I woke up Monday morning feeling undeniably burdened. As I sat with the Lord, praying and soaking in His Word, I just could not feel peaceful.
Hugh and I have only been able to leave the girls two (now three) times overnight. Because of their feeding difficulties, even those who have been around them the most struggle to keep them nourished well. Their unusual sleep patterns are also hard to understand how to handle unless you have been around them for days at a time. My mom has become quite the servant in our lives, and my dad has sacrificed having his wife around during the week as much. They lay down their normal routine and mom comes and simply serves in whatever way Hugh and I ask her to. She doesn’t come with an agenda; she comes with an open heart to love on our family in the ways that we need most. A seemingly little thing turned big in our hearts.
That being said, when Hugh planned a surprise night away, excited was an understatement. As I was packing on Friday night, Bailey Grace began to have some unusual neurological behavior. I wanted to ignore it, but it was undeniable. I called Hugh, and he simply said, “We are going”.
So, go we did. I prayed the whole way there that she would begin to act normally, because I knew we would not leave her unless she was; and when we woke up Saturday morning, she was herself once again. A little thing turned big in my heart.
Hugh and I had an absolute blast. He had planned so many of my favorite things; and the outdoors brought a unique refreshment to my soul. When we arrived home on Sunday, Bailey Grace was back to “something’s wrong” mode. We drove back to Birmingham, and by Monday morning, it was clear this unrest in my heart was a mother’s intuition.

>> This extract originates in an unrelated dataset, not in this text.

(* Let $\odot$ be a pseudo-multiplication and let $\nu,\tau$ be $\sigma$-maxitive measures on a $\sigma$-algebra $\mathcal{B}$ on a nonempty set $E$. Assume that $\nu$ is semi-$\odot$-finite and that $\nu$ admits a density $c$ with respect to $\tau$. Then $\nu$ admits a density with respect to $\tau$ taking only $\odot$-finite values.
   Context: Write $\overline{\mathbb{R}}_+=[0,\infty]$ and $\oplus$ for the supremum. A pseudo-multiplication is a binary operation $\odot$ on $\overline{\mathbb{R}}_+$ with the following properties: - it is associative; - it is continuous on $(0,\infty)\times[0,\infty]$; - for every $t$, the map $s\mapsto s\odot t$ is continuous on $(0,\infty]$; - it is nondecreasing in each argument; - it has a left identity $1_\odot$, i.e. $1_\odot\odot t=t$ for all $t$; - it has no zero divisors, i.e. $s\odot t=0$ implies $s=0$ or $t=0$; - $0\odot t=t\odot 0=0$ for all $t$. Put $O(t)=\inf_{s>0}s\odot t$. An element $t$ is $\odot$-finite if $O(t)=0$, and $\odot$-infinite otherwise. A $\sigma$-maxitive measure on $\mathcal{B}$ is a map $\nu:\mathcal{B}\to\overline{\mathbb{R}}_+$ with $\nu(\emptyset)=0$ and $\nu(\bigcup_{j\in J}B_j)=\sup_{j\in J}\nu(B_j)$ for every countable family $(B_j)$ in $\mathcal{B}$. A map $f:E\to\overline{\mathbb{R}}_+$ is $\mathcal{B}$-measurable if $\{f>t\}\in\mathcal{B}$ for all $t\in[0,\infty)$. The idempotent $\odot$-integral is $\int^\infty_B f\odot d\tau=\sup_{t\in[0,\infty)}t\odot\tau(B\cap\{f>t\})$. $\nu$ has a density with respect to $\tau$ if there is a $\mathcal{B}$-measurable $c:E\to\overline{\mathbb{R}}_+$ with $\nu(B)=\int^\infty_B c\odot d\tau$ for all $B\in\mathcal{B}$. $\nu$ is semi-$\odot$-finite if, for all $B\in\mathcal{B}$, $\nu(B)=\sup\{\nu(A):A\in\mathcal{B},\,A\subset B,\,\nu(A)\text{ is }\odot\text{-finite}\}$. *)

theory Defs
  imports "HOL-Analysis.Analysis"
begin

“This is how one should regard us, as servants of Christ and stewards of the mysteries of God.”- 1 Corinthians 4:1
Oftentimes, there are seasons of life where we become needier than usual. Those around us love us well, and then the season is over. In our situation, the love and serving is needed more often than not. At times, it is uncomfortable to be loved this big. When we were admitted, a part of me did not even want to let anyone know. It was like I was determining that our family had been loved on enough and that we needed to do this one on our own. But God.
He always makes sure His children are cared for. And, in our situation, it is all those seemingly small things that add up to something really big.

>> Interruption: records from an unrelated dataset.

lemma abs_wcov_centered_mult_le:
  assumes p: "\<And>t. 0 \<le> p t" "sum p UNIV = 1"
    and y: "\<And>t. \<bar>y t\<bar> \<le> B" and e: "\<And>t. \<bar>e t\<bar> \<le> E" and b: "\<And>t. \<bar>b t\<bar> \<le> C"
  shows "\<bar>wcov p (\<lambda>t. (y t - wmean p y) * (e t - wmean p e)) b\<bar> \<le> 2 * B * (2 * E) * C"
proof (rule abs_wcov_le[OF p _ b])
  have "\<bar>wmean p y\<bar> \<le> B" "\<bar>wmean p e\<bar> \<le> E"
    by (rule abs_wmean_le[OF p y], rule abs_wmean_le[OF p e])
  then have "\<bar>y t - wmean p y\<bar> \<le> 2 * B" "\<bar>e t - wmean p e\<bar> \<le> 2 * E" for t
    using y[of t] e[of t] by linarith+
  then show "\<bar>(y t - wmean p y) * (e t - wmean p e)\<bar> \<le> 2 * B * (2 * E)" for t
    by (intro abs_mult_le_mult)
qed

section \<open>Softmax along a line\<close>

lemma softmax_pos: "0 < softmax z t"
  unfolding softmax_def by (intro divide_pos_pos sum_pos) auto

lemma sum_softmax: "sum (softmax z) UNIV = 1"
proof -
  have "0 < (\<Sum>s\<in>UNIV. exp (z s))"
    by (intro sum_pos) auto
  then show ?thesis
    unfolding softmax_def by (simp add: sum_divide_distrib[symmetric])
qed

lemma softmax_has_derivative:
  fixes z :: "'t::finite \<Rightarrow> 'a::real_normed_vector \<Rightarrow> real"
  assumes "\<And>s. (z s has_derivative z' s) (at x)"
  shows "((\<lambda>x. softmax (\<lambda>s. z s x) t) has_derivative
           (\<lambda>v. softmax (\<lambda>s. z s x) t * (z' t v - wmean (softmax (\<lambda>s. z s x)) (\<lambda>s. z' s v)))) (at x)"
proof -
  define Z where "Z = (\<Sum>s\<in>UNIV. exp (z s x))"
  have "Z > 0"
    unfolding Z_def by (intro sum_pos) auto
  show ?thesis
    unfolding softmax_def wmean_def
    using assms \<open>Z > 0\<close>
    by (auto intro!: derivative_eq_intros ext
        simp: Z_def[symmetric] field_simps sum_divide_distrib[symmetric] sum_distrib_left)
qed

definition tilted :: "('t::finite \<Rightarrow> real) \<Rightarrow> ('t \<Rightarrow> real) \<Rightarrow> real \<Rightarrow> 't \<Rightarrow> real" where
  "tilted \<alpha> \<beta> s = softmax (\<lambda>t. \<alpha> t + s * \<beta> t)"

lemma tilted_nonneg: "0 \<le> tilted \<alpha> \<beta> s t"
  unfolding tilted_def using softmax_pos less_imp_le by blast

lemma sum_tilted: "sum (tilted \<alpha> \<beta> s) UNIV = 1"
  unfolding tilted_def by (rule sum_softmax)

lemma has_real_derivative_tilted:
  "((\<lambda>s. tilted \<alpha> \<beta> s t) has_real_derivative tilted \<alpha> \<beta> s t * (\<beta> t - wmean (tilted \<alpha> \<beta> s) \<beta>)) (at s)"
  unfolding tilted_def
  by (rule has_derivative_imp_has_field_derivative[OF softmax_has_derivative[of "\<lambda>t s. \<alpha> t + s * \<beta> t"]])
     (auto intro!: derivative_eq_intros simp: wmean_cmult right_diff_distrib mult_ac)

lemma has_real_derivative_wmean_tilted:
  assumes "\<And>t. ((\<lambda>s. c s t) has_real_derivative c' t) (at s)"
  shows "((\<lambda>s. wmean (tilted \<alpha> \<beta> s) (c s)) has_real_derivative
           wmean (tilted \<alpha> \<beta> s) c' + wcov (tilted \<alpha> \<beta> s) (c s) \<beta>) (at s)"
proof -
  let ?P = "tilted \<alpha> \<beta> s"
  have "((\<lambda>s. \<Sum>t\<in>UNIV. tilted \<alpha> \<beta> s t * c s t) has_real_derivative
      (\<Sum>t\<in>UNIV. ?P t * (\<beta> t - wmean ?P \<beta>) * c s t + c' t * ?P t)) (at s)"
    by (intro DERIV_sum DERIV_mult has_real_derivative_tilted assms)
  moreover have "(\<Sum>t\<in>UNIV. ?P t * (\<beta> t - wmean ?P \<beta>) * c s t + c' t * ?P t)
      = wmean ?P c' + wcov ?P (c s) \<beta>"
    unfolding wcov_def wmean_def[of ?P c'] wmean_def[of ?P "\<lambda>t. c s t * _ t"]
    by (simp add: sum.distrib mult_ac)
  ultimately show ?thesis
    unfolding wmean_def[abs_def] by simp
qed

lemma has_real_derivative_wmean_tilted_line:
  "((\<lambda>s. wmean (tilted \<alpha> \<beta> s) (\<lambda>t. \<gamma> t + s * \<eta> t)) has_real_derivative
      wmean (tilted \<alpha> \<beta> s) \<eta> + wcov (tilted \<alpha> \<beta> s) (\<lambda>t. \<gamma> t + s * \<eta> t) \<beta>) (at s)"
  by (rule has_real_derivative_wmean_tilted) (auto intro!: derivative_eq_intros)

All these things matter immensely. When you are walking through an unexpected twist in the story, it is those things that are the very hands, feet, and heart of the Father. Today, I want to encourage you that what you are doing matters. The love you are sharing, the little things you are doing, it is all adding up to something big in someone’s weary soul.

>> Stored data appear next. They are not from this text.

lemma has_real_derivative_comp_inverse:
  fixes T \<psi> g h T' :: "real \<Rightarrow> real"
  assumes inverse: "\<And>x. \<psi> (T x) = x" "\<And>y. T (\<psi> y) = y"
    and cont: "isCont T x0" "isCont g x0" "isCont h x0" "isCont \<psi> (T x0)"
    and deriv: "\<forall>\<^sub>F x in at x0. (T has_real_derivative T' x) (at x) \<and> T' x \<noteq> 0
                  \<and> (g has_real_derivative h x * T' x) (at x)"
  shows "((\<lambda>y. g (\<psi> y)) has_real_derivative h x0) (at (T x0))"
proof -
  have "((\<lambda>x. (g x - g x0) / (T x - T x0)) \<longlongrightarrow> h x0) (at x0)"
  proof (rule lhopital)
    show "((\<lambda>x. g x - g x0) \<longlongrightarrow> 0) (at x0)" "((\<lambda>x. T x - T x0) \<longlongrightarrow> 0) (at x0)"
      using cont(1,2) by (simp_all add: isCont_def LIM_zero)
    show "\<forall>\<^sub>F x in at x0. T x - T x0 \<noteq> 0"
      using eventually_neq_at_within[of x0 x0 UNIV] by (rule eventually_mono) (metis inverse(1) eq_iff_diff_eq_0)
    show "\<forall>\<^sub>F x in at x0. T' x \<noteq> 0"
      "\<forall>\<^sub>F x in at x0. ((\<lambda>x. T x - T x0) has_real_derivative T' x) (at x)"
      "\<forall>\<^sub>F x in at x0. ((\<lambda>x. g x - g x0) has_real_derivative h x * T' x) (at x)"
      using deriv by (auto elim!: eventually_mono intro!: derivative_eq_intros)
    have "\<forall>\<^sub>F x in at x0. h x = h x * T' x / T' x"
      using deriv by (rule eventually_mono) simp
    with cont(3) show "((\<lambda>x. h x * T' x / T' x) \<longlongrightarrow> h x0) (at x0)"
      unfolding isCont_def by (rule Lim_transform_eventually)
  qed
  moreover have "filterlim \<psi> (at x0) (at (T x0))"
    using cont(4) inverse unfolding filterlim_at isCont_def
    by (auto intro: eventually_mono[OF eventually_neq_at_within[of "T x0"]])
  ultimately have "((\<lambda>y. (g (\<psi> y) - g x0) / (T (\<psi> y) - T x0)) \<longlongrightarrow> h x0) (at (T x0))"
    by (rule filterlim_compose)
  then show ?thesis
    by (simp add: has_field_derivative_iff inverse)
qed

We are home today, and the lack of sleep combined with the emotional turmoil of the hospital always leaves me feeling fuzzy. Yet God. He continues to leave me little love notes; reminders that His love never runs dry and that He will never stop providing and carrying our family. I am a steward of the mysteries of God , yet the mysteries themselves are His. So, we trust. And, we move forward with open hands and open hearts to whatever He sees fit for the day; bodies and minds weary yet souls being renewed each day.
Friends: the love you share matters. Whatever you are walking through today matters. These trials will one day be revealed as little; yet the love we give will be known as the big. May we pray to have eyes to see with eternal eyes, loving large all the way. He is faithful.